Bedrock: The SQLitening

On its face www.mozilla.org doesn’t look like it would be a complex application to write, maintain, or run. But when you throw over 100 million unique visitors per week at any site it can complicate things quickly. Add to that translations of the content into over 100 languages and you can start to get the idea of where it might get interesting. So we take every opportunity to simplify and reduce hosting complexity and cost we can get. This is the place from which the idea to switch to using SQLite for our database needs in production was born.

The traditional answer to the question “should we use SQLite for our web application in production?” is an emphatic NO. But, again, bedrock is different. It uses its database as a read-only data store as far as the web application is concerned. We run a single data updater process (per cluster) that does the writing of the updates to the DB server that all of the app instances use. Most of bedrock is static content coded directly into templates, but we use the database to store things like product release notes, security advisories, blog posts, twitter feeds, and the like; basically anything that needs updating more often than we deploy the site. SQLite is indeed a bad solution for a typical web application which is writing and reading data in its normal function because SQLite rightly locks itself to a single writer at a time, and a web app with any traffic almost certainly needs to write more than one thing at a time. But when you only need to read data then SQLite is an incredibly fast and robust solution to data storage.

Data Updates

The trick with a SQLite store is refreshing the data. We do still need to update all those bits of data I mentioned before. Our solution to this is to keep the aforementioned single process updating the data, but this time it will update a local SQLite file, calculate a hash of said file, and upload the database and its metadata (a JSON file that includes the SHA256 hash) to AWS S3. The Docker containers for the web app will also have a separate process running that will check for a new database file on a schedule (every 5 min or so), compare its metadata to the one currently in use, download the newer database, check its hash against the one from the metadata to ensure a successful download, and swap it with the old file atomically with the web app none the wiser.
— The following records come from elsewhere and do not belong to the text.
lemma padic_cauchy_inverse:
  assumes "prime p" "padic_cauchy p X" "has_eventual_pval p X k"
  shows "padic_cauchy p (\<lambda>n. inverse (X n))"
  unfolding padic_cauchy_iff
proof
  fix t
  obtain N1 where N1: "\<forall>n\<ge>N1. X n \<noteq> 0 \<and> rat_pval p (X n) = k"
    using assms(3) by (auto simp: has_eventual_pval_def eventually_sequentially)
  obtain N2 where N2: "\<forall>m\<ge>N2. \<forall>n\<ge>N2. pval_ge p (t + 2 * k) (X n - X m)"
    using assms(2) unfolding padic_cauchy_iff by blast
  have "pval_ge p t (inverse (X m) - inverse (X n))" if "m \<ge> max N1 N2" "n \<ge> max N1 N2" for m n
  proof -
    have "pval_ge p (t + 2 * k + - k + - k) ((X n - X m) * inverse (X m) * inverse (X n))"
      using N1 N2 that
      by (intro pval_ge_mult assms(1)) (auto simp: pval_ge_def rat_pval_inverse[OF assms(1)])
    moreover have "(X n - X m) * inverse (X m) * inverse (X n) = inverse (X m) - inverse (X n)"
      using N1 that by (auto simp: field_simps)
    ultimately show ?thesis by simp
  qed
  then show "\<exists>N. \<forall>m\<ge>N. \<forall>n\<ge>N. pval_ge p t (inverse (X m) - inverse (X n))" by blast
qed

abbreviation qp_class :: "nat \<Rightarrow> (nat \<Rightarrow> rat) \<Rightarrow> (nat \<Rightarrow> rat) set" where
  "qp_class p X \<equiv> padic_rel p `` {X}"

lemma qp_class_in_Qp: "padic_cauchy p X \<Longrightarrow> qp_class p X \<in> Qp p"
  unfolding Qp_def by (rule quotientI) simp

lemma Qp_cases:
  assumes "c \<in> Qp p" obtains X where "padic_cauchy p X" "c = qp_class p X"
  using assms unfolding Qp_def by (auto elim!: quotientE)

lemma padic_rel_eventually_eq:
  "padic_cauchy p X \<Longrightarrow> padic_cauchy p Y \<Longrightarrow> \<forall>\<^sub>F n in sequentially. X n = Y n
    \<Longrightarrow> (X, Y) \<in> padic_rel p"
  unfolding padic_rel_def by (auto intro: padic_null_eventually_0 elim: eventually_mono)

lemma qp_val_class_null:
  assumes "padic_cauchy p X" "padic_null p X"
  shows "qp_val p (qp_class p X) = ZInf"
  using assms by (simp add: qp_val_def padic_rel_def padic_cauchy_const)

lemma qp_val_class_has_eventual_pval:
  assumes "prime p" "padic_cauchy p X" "has_eventual_pval p X k"
  shows "qp_val p (qp_class p X) = ZFin k"
proof -
  have "(\<lambda>n. 0) \<notin> qp_class p X"
    using has_eventual_pval_not_null[OF assms(3)] by (simp add: padic_rel_def)
  moreover have "has_eventual_pval p (SOME Y. Y \<in> qp_class p X) k"
    using assms some_in_equiv_class[OF equiv_padic_rel] by (blast intro: has_eventual_pval_padic_rel)
  then have "(THE k. has_eventual_pval p (SOME Y. Y \<in> qp_class p X) k) = k"
    using has_eventual_pval_unique by blast
  ultimately show ?thesis
    by (simp add: qp_val_def has_eventual_pval_def eventually_sequentially)
qed

lemma qp_val_class_eq_ZInf_iff:
  assumes "prime p" "padic_cauchy p X"
  shows "qp_val p (qp_class p X) = ZInf \<longleftrightarrow> padic_null p X"
  using assms qp_val_class_null qp_val_class_has_eventual_pval padic_cauchy_has_eventual_pval
  by (metis zinf.distinct(1))

lemma qp_val_class_eq_ZFin_iff:
  assumes "prime p" "padic_cauchy p X"
  shows "qp_val p (qp_class p X) = ZFin k \<longleftrightarrow> has_eventual_pval p X k"
  using assms qp_val_class_null qp_val_class_has_eventual_pval padic_cauchy_has_eventual_pval
  by (metis zinf.distinct(1) zinf.inject)

lemma qp_mult_class:
  assumes "prime p" "padic_cauchy p X" "padic_cauchy p Y"
  shows "qp_mult p (qp_class p X) (qp_class p Y) = qp_class p (\<lambda>n. X n * Y n)"
  unfolding qp_mult_def
  by (rule equiv_class_of_op_on_some_reps[OF equiv_padic_rel]) (use assms padic_rel_mult in auto)

lemma qp_mult_in_Qp: "prime p \<Longrightarrow> c \<in> Qp p \<Longrightarrow> d \<in> Qp p \<Longrightarrow> qp_mult p c d \<in> Qp p"
  by (elim Qp_cases) (simp add: qp_mult_class qp_class_in_Qp padic_cauchy_mult)

lemma qp_val_mult:
  assumes "prime p" "c \<in> Qp p" "d \<in> Qp p"
  shows "qp_val p (qp_mult p c d) = zadd (qp_val p c) (qp_val p d)"
proof -
  obtain X where X: "padic_cauchy p X" "c = qp_class p X" using assms(2) by (rule Qp_cases)
  obtain Y where Y: "padic_cauchy p Y" "d = qp_class p Y" using assms(3) by (rule Qp_cases)
  have XY: "padic_cauchy p (\<lambda>n. X n * Y n)" "qp_mult p c d = qp_class p (\<lambda>n. X n * Y n)"
    using X Y by (simp_all add: qp_mult_class assms(1) padic_cauchy_mult)
  show ?thesis
  proof (cases "padic_null p X \<or> padic_null p Y")
    case True
    obtain BX where BX: "\<forall>\<^sub>F n in sequentially. pval_ge p BX (X n)"
      using assms(1) X(1) by (rule padic_cauchy_bounded)
    obtain BY where BY: "\<forall>\<^sub>F n in sequentially. pval_ge p BY (Y n)"
      using assms(1) Y(1) by (rule padic_cauchy_bounded)
    have "padic_null p (\<lambda>n. X n * Y n)"
      using True padic_null_mult_bounded[OF assms(1) _ BY, of X]
        padic_null_mult_bounded[OF assms(1) _ BX, of Y]
      by (auto simp: mult.commute)
    with True X Y XY show ?thesis
      by (cases "qp_val p c"; cases "qp_val p d") (auto simp: qp_val_class_null)
  next
    case False
    then obtain k j where "has_eventual_pval p X k" "has_eventual_pval p Y j"
      using assms(1) X(1) Y(1) by (metis padic_cauchy_has_eventual_pval)
    with assms(1) X Y XY show ?thesis
      by (simp add: qp_val_class_has_eventual_pval has_eventual_pval_mult)
  qed
qed

lemma qp_of_rat_in_Qp: "qp_of_rat p q \<in> Qp p"
  unfolding qp_of_rat_def by (rule qp_class_in_Qp[OF padic_cauchy_const])

lemma qp_val_of_rat: "prime p \<Longrightarrow> q \<noteq> 0 \<Longrightarrow> qp_val p (qp_of_rat p q) = ZFin (rat_pval p q)"
  unfolding qp_of_rat_def
  by (simp add: qp_val_class_has_eventual_pval padic_cauchy_const has_eventual_pval_def)

lemma ex_qp_val_eq:
  assumes "prime p" shows "\<exists>c\<in>Qp p. qp_val p c = z"
proof (cases z)
  case (ZFin k)
  obtain x where "x \<noteq> 0" "rat_pval p x = k" using ex_rat_pval_eq[OF assms] by blast
  with ZFin show ?thesis using assms qp_val_of_rat qp_of_rat_in_Qp by metis
next
  case ZInf
  then have "qp_val p (qp_of_rat p 0) = z"
    unfolding qp_of_rat_def by (simp add: qp_val_class_null padic_cauchy_const padic_null_iff)
  then show ?thesis using qp_of_rat_in_Qp by blast
qed

text \<open>For \<open>v(X) = v(Y) = k < \<infinity>\<close> the unit is represented by \<open>Y/X\<close>, which is Cauchy
  because \<open>|X n|\<^sub>p\<close> is eventually constant.\<close>
lemma qp_val_eq_imp_unit_multiple:
  assumes "prime p" "c \<in> Qp p" "d \<in> Qp p" "qp_val p c = qp_val p d"
  shows "\<exists>u\<in>Zp_units p. qp_mult p c u = d"
proof -
  obtain X where X: "padic_cauchy p X" "c = qp_class p X" using assms(2) by (rule Qp_cases)
  obtain Y where Y: "padic_cauchy p Y" "d = qp_class p Y" using assms(3) by (rule Qp_cases)
  note class_eq = equiv_class_eq[OF equiv_padic_rel[OF assms(1)]]
  show ?thesis
  proof (cases "qp_val p c")
    case ZInf
    then have "qp_val p (qp_class p X) = ZInf" "qp_val p (qp_class p Y) = ZInf"
      using assms(4) X Y by simp_all
    then have "padic_null p X" "padic_null p (\<lambda>n. - Y n)"
      using assms(1) X(1) Y(1) by (simp_all add: qp_val_class_eq_ZInf_iff padic_null_minus)
    from padic_null_add[OF assms(1) this] have "(X, Y) \<in> padic_rel p"
      using X(1) Y(1) by (simp add: padic_rel_def)
    then have "qp_mult p c (qp_of_rat p 1) = d"
      using qp_mult_class[OF assms(1) X(1) padic_cauchy_const, of 1] X Y class_eq
      by (simp add: qp_of_rat_def)
    moreover have "qp_of_rat p 1 \<in> Zp_units p"
      using assms(1) by (simp add: Zp_units_def qp_of_rat_in_Qp qp_val_of_rat)
    ultimately show ?thesis by blast
  next
    case (ZFin k)
    then have "qp_val p (qp_class p X) = ZFin k" "qp_val p (qp_class p Y) = ZFin k"
      using assms(4) X Y by simp_all
    then have vX: "has_eventual_pval p X k" and vY: "has_eventual_pval p Y k"
      using assms(1) X(1) Y(1) by (simp_all add: qp_val_class_eq_ZFin_iff)
    define U where "U = (\<lambda>n. inverse (X n) * Y n)"
    have U: "padic_cauchy p U"
      unfolding U_def
      by (rule padic_cauchy_mult[OF assms(1) padic_cauchy_inverse[OF assms(1) X(1) vX] Y(1)])
    have "has_eventual_pval p U (- k + k)"
      unfolding U_def
      by (rule has_eventual_pval_mult[OF assms(1) has_eventual_pval_inverse[OF assms(1) vX] vY])
    then have "qp_class p U \<in> Zp_units p"
      using assms(1) U by (simp add: Zp_units_def qp_class_in_Qp qp_val_class_has_eventual_pval)
    moreover have "\<forall>\<^sub>F n in sequentially. X n * U n = Y n"
      using vX unfolding has_eventual_pval_def U_def by (auto elim: eventually_mono)
    then have "(\<lambda>n. X n * U n, Y) \<in> padic_rel p"
      by (rule padic_rel_eventually_eq[OF padic_cauchy_mult[OF assms(1) X(1) U] Y(1)])
    then have "qp_mult p c (qp_class p U) = d"
      using qp_mult_class[OF assms(1) X(1) U] X Y class_eq by simp
    ultimately show ?thesis by blast
  qed
qed

section \<open>Divisors and finite adeles\<close>

interpretation zadd: comm_monoid zadd "ZFin 0"
proof
  fix x y z show "zadd (zadd x y) z = zadd x (zadd y z)" by (cases x; cases y; cases z) simp_all
  show "zadd x y = zadd y x" by (cases x; cases y) simp_all
  show "zadd x (ZFin 0) = x" by (cases x) simp_all
qed

lemma zadd_ZFin_cancel [simp]: "zadd (zadd x (ZFin (- k))) (ZFin k) = x"
  by (cases x) simp_all

lemma zneg_zadd: "zneg (zadd x y) \<Longrightarrow> zneg x \<or> zneg y"
  by (cases x; cases y) auto

lemma div_add_in_divisors: "D \<in> divisors \<Longrightarrow> E \<in> divisors \<Longrightarrow> div_add D E \<in> divisors"
  unfolding divisors_def div_add_def
  by (auto dest: zneg_zadd
      intro: rev_finite_subset[of "{p. prime p \<and> zneg (D p)} \<union> {p. prime p \<and> zneg (E p)}"])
Using Python’s os.rename function to swap the database file ensures an atomic switch with zero errors due to a missing DB file. We thought about using symlinks for this but it turns out to be harder to re-point a symlink than to just do the rename which atomically overwrites the old file with the new (I’m pretty sure it’s actually just updating the inode to which the name points but I’ve not verified that).
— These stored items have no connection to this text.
(* Let $p$ be an odd prime, $n=2k$, and $\mathcal{S}=\{y\in\mathbb{F}_{p^n}: T^n_k(y)=0\}$. Let $L(x)=\sum_{j=0}^{n-1}c_jx^{p^j}$ with all $c_j\in\mathbb{F}_{p^k}$ be a linearized polynomial that permutes $\mathbb{F}_{p^n}$, let $\delta\in\mathbb{F}_{p^n}$ be arbitrary, let $t$ be a nonnegative integer and $s=t(p^k+1)$. Then the mapping $$G(x)=-L(x)+(x+\delta)^s-(x+\delta)^{p^ks}$$ permutes $\mathcal{S}$, and consequently $$F(x)=L(x)+(x^{p^k}-x+\delta)^{t(p^k+1)}$$ is a permutation of $\mathbb{F}_{p^n}$.
   Context: $T^n_k(\beta)=\beta+\beta^{p^k}$ for $n=2k$ is the relative trace from $\mathbb{F}_{p^n}$ to $\mathbb{F}_{p^k}$. The convention $y^0=1$ is used. *)

theory Defs
  imports "HOL-Computational_Algebra.Primes"
begin

definition rel_trace :: "nat \<Rightarrow> nat \<Rightarrow> 'a::field \<Rightarrow> 'a" where
  "rel_trace p k \<beta> = \<beta> + \<beta> ^ (p ^ k)"

definition subfield_pk :: "nat \<Rightarrow> nat \<Rightarrow> 'a::field set" where
  "subfield_pk p k = {y. y ^ (p ^ k) = y}"

end

theory Submission
  imports Defs HOL.Modules
begin

text \<open>
  Write \<open>q = p^k\<close> and \<open>\<phi> x = x^q\<close>, an additive involution of \<open>GF(p^n)\<close> because
  \<open>q\<^sup>2 = p^n\<close>. Since the coefficients of \<open>L\<close> lie in \<open>GF(q)\<close>, \<open>L\<close> commutes with \<open>\<phi>\<close>, and
  every \<open>s\<close>-th power with \<open>s = t(q + 1)\<close> is fixed by \<open>\<phi>\<close>. Hence the two power terms of \<open>G\<close>
  cancel, \<open>G = -L\<close>, and \<open>-L\<close> maps the kernel \<open>\<S>\<close> of \<open>x + \<phi> x\<close> injectively into itself.
  For \<open>F\<close> one computes \<open>\<phi>(F x) - F x = L(\<phi> x - x)\<close>, so \<open>F x = F y\<close> forces
  \<open>\<phi> x - x = \<phi> y - y\<close>, then \<open>L x = L y\<close> and \<open>x = y\<close>.
\<close>

text \<open>The library's \<open>finite_field_power_card_eq_same\<close> is stated for the class \<open>finite_field\<close>,
  which the sort \<open>{field,finite}\<close> does not provide.\<close>

lemma finite_field_power_card:
  fixes x :: "'a::{field,finite}"
  shows "x ^ card (UNIV :: 'a set) = x"
proof (cases "x = 0")
  case True
  then show ?thesis
    using finite_UNIV_card_ge_0[where ?'a = 'a] by simp
next
  case False
  define U where "U = UNIV - {0 :: 'a}"
  have "finite U" "card U = card (UNIV :: 'a set) - 1"
    by (simp_all add: U_def card_Diff_singleton)
  have "(\<Prod>y\<in>U. x * y) = \<Prod>U"
    using False by (intro prod.reindex_bij_witness[of _ "\<lambda>y. y / x" "\<lambda>y. x * y"])
      (auto simp: U_def)
  moreover have "(\<Prod>y\<in>U. x * y) = x ^ card U * \<Prod>U"
    by (simp add: prod.distrib)
  moreover have "\<Prod>U \<noteq> 0"
    using \<open>finite U\<close> by (simp add: U_def)
  ultimately have "x ^ card U = 1"
    by simp
  then have "x * x ^ (card (UNIV :: 'a set) - 1) = x"
    using \<open>card U = _\<close> by simp
  then show ?thesis
    using finite_UNIV_card_ge_0[where ?'a = 'a] by (simp flip: power_Suc)
qed

lemma additive_frobenius_power:
  assumes "prime CHAR('a::comm_ring_1)"
  shows "additive (\<lambda>x::'a. x ^ CHAR('a) ^ j)"
  by unfold_locales (rule freshmans_dream'[OF assms refl])

lemma additive_linearized:
  assumes "prime CHAR('a::comm_ring_1)"
  shows "additive (\<lambda>x::'a. \<Sum>j<n. c j * x ^ CHAR('a) ^ j)"
  by unfold_locales
    (simp add: additive.add[OF additive_frobenius_power[OF assms]] distrib_left sum.distrib)

lemma linearized_power_commute:
  fixes c :: "nat \<Rightarrow> 'a::comm_ring_1"
  assumes "prime CHAR('a)" and "q = CHAR('a) ^ m" and "\<forall>j<n. c j ^ q = c j"
  shows "(\<Sum>j<n. c j * x ^ CHAR('a) ^ j) ^ q = (\<Sum>j<n. c j * (x ^ q) ^ CHAR('a) ^ j)"
proof -
  have "(\<Sum>j<n. c j * x ^ CHAR('a) ^ j) ^ q = (\<Sum>j<n. (c j * x ^ CHAR('a) ^ j) ^ q)"
    by (rule freshmans_dream_sum'[OF assms(1,2)])
  also have "\<dots> = (\<Sum>j<n. c j * (x ^ q) ^ CHAR('a) ^ j)"
    using assms(3) by (intro sum.cong) (simp_all add: power_mult_distrib flip: power_mult,
        simp add: mult.commute)
  finally show ?thesis .
qed

lemma power_norm_exponent_fixed:
  fixes z :: "'a::monoid_mult"
  assumes "z ^ (q * q) = z"
  shows "(z ^ (t * (q + 1))) ^ q = z ^ (t * (q + 1))"
proof -
  have "(z ^ (t * (q + 1))) ^ q = z ^ (q * q * t + t * q)"
    by (simp add: algebra_simps flip: power_mult)
  also have "\<dots> = (z ^ (q * q)) ^ t * z ^ (t * q)"
    by (simp only: power_add power_mult)
  also have "\<dots> = z ^ (t + t * q)"
    by (simp only: assms power_add)
  finally show ?thesis
    by (simp add: algebra_simps)
qed

lemma bij_betw_neg_trace_kernel:
  fixes L \<phi> :: "'a::ab_group_add \<Rightarrow> 'a"
  assumes "additive L" and "additive \<phi>" and "inj L"
    and "finite {y. y + \<phi> y = 0}" and "\<And>x. \<phi> (L x) = L (\<phi> x)"
  shows "bij_betw (\<lambda>x. - L x) {y. y + \<phi> y = 0} {y. y + \<phi> y = 0}"
proof -
  let ?K = "{y. y + \<phi> y = 0}"
  have "- L x + \<phi> (- L x) = - L (x + \<phi> x)" for x
    using assms(5) by (simp add: additive.add[OF assms(1)] additive.minus[OF assms(2)])
  then have maps: "(\<lambda>x. - L x) ` ?K \<subseteq> ?K"
    by (auto simp: additive.zero[OF assms(1)])
  have "inj_on (\<lambda>x. - L x) ?K"
    using assms(3) by (auto simp: inj_on_def)
  then show ?thesis
    using endo_inj_surj[OF assms(4) maps] by (simp add: bij_betw_def)
qed

lemma inj_additive_plus_invariant:
  fixes L \<phi> h :: "'a::ab_group_add \<Rightarrow> 'a"
  assumes "additive L" and "additive \<phi>" and "inj L"
    and "\<And>x. \<phi> (L x) = L (\<phi> x)" and "\<And>w. \<phi> (h w) = h w"
  shows "inj (\<lambda>x. L x + h (\<phi> x - x))"
proof (rule injI)
  let ?F = "\<lambda>x. L x + h (\<phi> x - x)"
  have frob_diff: "\<phi> (?F x) - ?F x = L (\<phi> x - x)" for x
    using assms(4,5) by (simp add: additive.add[OF assms(2)] additive.diff[OF assms(1)])
  fix x y
  assume "?F x = ?F y"
  then have "\<phi> x - x = \<phi> y - y"
    using frob_diff[of x] frob_diff[of y] assms(3) by (metis injD)
  with \<open>?F x = ?F y\<close> have "L x = L y"
    by simp
  with assms(3) show "x = y"
    by (rule injD)
qed

theorem proposition7:
  fixes p n k t s :: nat
    and c :: "nat \<Rightarrow> 'a::{field,finite}"
    and L :: "'a \<Rightarrow> 'a"
    and \<delta> :: 'a
  assumes "prime p" and "odd p"
    and "CHAR('a) = p" and "card (UNIV :: 'a set) = p ^ n"
    and "n = 2 * k"
    and "\<forall>j<n. c j \<in> subfield_pk p k"
    and "L = (\<lambda>x. \<Sum>j<n. c j * x ^ (p ^ j))"
    and "bij L"
    and "s = t * (p ^ k + 1)"
  shows "bij_betw (\<lambda>x. - L x + (x + \<delta>) ^ s - (x + \<delta>) ^ (p ^ k * s))
           {y. rel_trace p k y = 0} {y. rel_trace p k y = 0}
         \<and> bij (\<lambda>x. L x + (x ^ (p ^ k) - x + \<delta>) ^ (t * (p ^ k + 1)))"
proof -
  define \<phi> where "\<phi> = (\<lambda>x::'a. x ^ p ^ k)"
  have char: "prime CHAR('a)"
    using assms(1,3) by simp
  have frob: "additive \<phi>"
    using additive_frobenius_power[OF char] by (simp add: \<phi>_def assms(3))
  have lin: "additive L"
    using additive_linearized[OF char] by (simp add: assms(3,7))
  have commute: "\<phi> (L x) = L (\<phi> x)" for x
    using linearized_power_commute[OF char, of "p ^ k" k n c x] assms(3,6,7)
    by (simp add: \<phi>_def subfield_pk_def)
  have "z ^ (p ^ k * p ^ k) = z" for z :: 'a
    using finite_field_power_card[of z] by (simp add: assms(4,5) mult_2 flip: power_add)
  then have fixed: "\<phi> (z ^ s) = z ^ s" for z :: 'a
    using power_norm_exponent_fixed[of z "p ^ k" t] by (simp add: \<phi>_def assms(9))
  have "bij_betw (\<lambda>x. - L x) {y. rel_trace p k y = 0} {y. rel_trace p k y = 0}"
    using bij_betw_neg_trace_kernel[OF lin frob bij_is_inj[OF assms(8)] _ commute]
    by (simp add: rel_trace_def \<phi>_def)
  moreover have "(x + \<delta>) ^ (p ^ k * s) = (x + \<delta>) ^ s" for x
    using fixed[of "x + \<delta>"] by (simp add: \<phi>_def power_mult mult.commute)
  moreover have "inj (\<lambda>x. L x + (\<phi> x - x + \<delta>) ^ s)"
    using inj_additive_plus_invariant[OF lin frob bij_is_inj[OF assms(8)] commute,
        of "\<lambda>w. (w + \<delta>) ^ s"] fixed by simp
  ultimately show ?thesis
    by (simp add: finite_UNIV_inj_surj bij_def \<phi>_def assms(9))
qed

end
When all of this is working it means that bedrock no longer requires a database server. We can turn off our AWS RDS instances and never have to worry about DB server maintenance or downtime. The site isn’t all that much faster since like I said it’s mostly spending time rendering Jinja templates, but it is a lot cheaper to run and less likely to go down. We are also making DB schema changes easier and more error-free since the DB filenames include the git hash of the version of bedrock that created it. This means that the production Docker images contain an updated and migrated database file, and it will only download an update once the same version of the site is the one producing database files.

And production advantages aren’t the only win: we also have a much more simple development bootstrap process now since getting all of the data you need to run the full site is a simple matter of either running bin/run-db-download.py or pulling the prod docker image (mozorg/bedrock:latest) which will contain a decently up-to-date database and the machinery to keep it updated that requires no AWS credentials since the database is publicly available.

Verifying Updates

Along with actually performing the updates in every running instance of the site we also need to be able to monitor that said updates are actually happening. To this end we created a page on the site that will give us some data on when the last time that instance ran the update, the git hash of bedrock that is currently running, the git hash used to create the database in use, and how long ago said database was updated. This page will also respond with a 500 code instead of the normal 200 if the DB and L10n update tasks happened too long ago. At the time of writing the updates happen every 5 minutes, and the page would start to fail at 10 minutes of no updates. Since the updates and the site are running in separate processes in the Docker container, we need a way for the cron process to communicate to the web server the time of the last run for these tasks. For this we decided on files in /tmp that the cron jobs will simply touch, and the web server can get the mtime (check out the source code for details).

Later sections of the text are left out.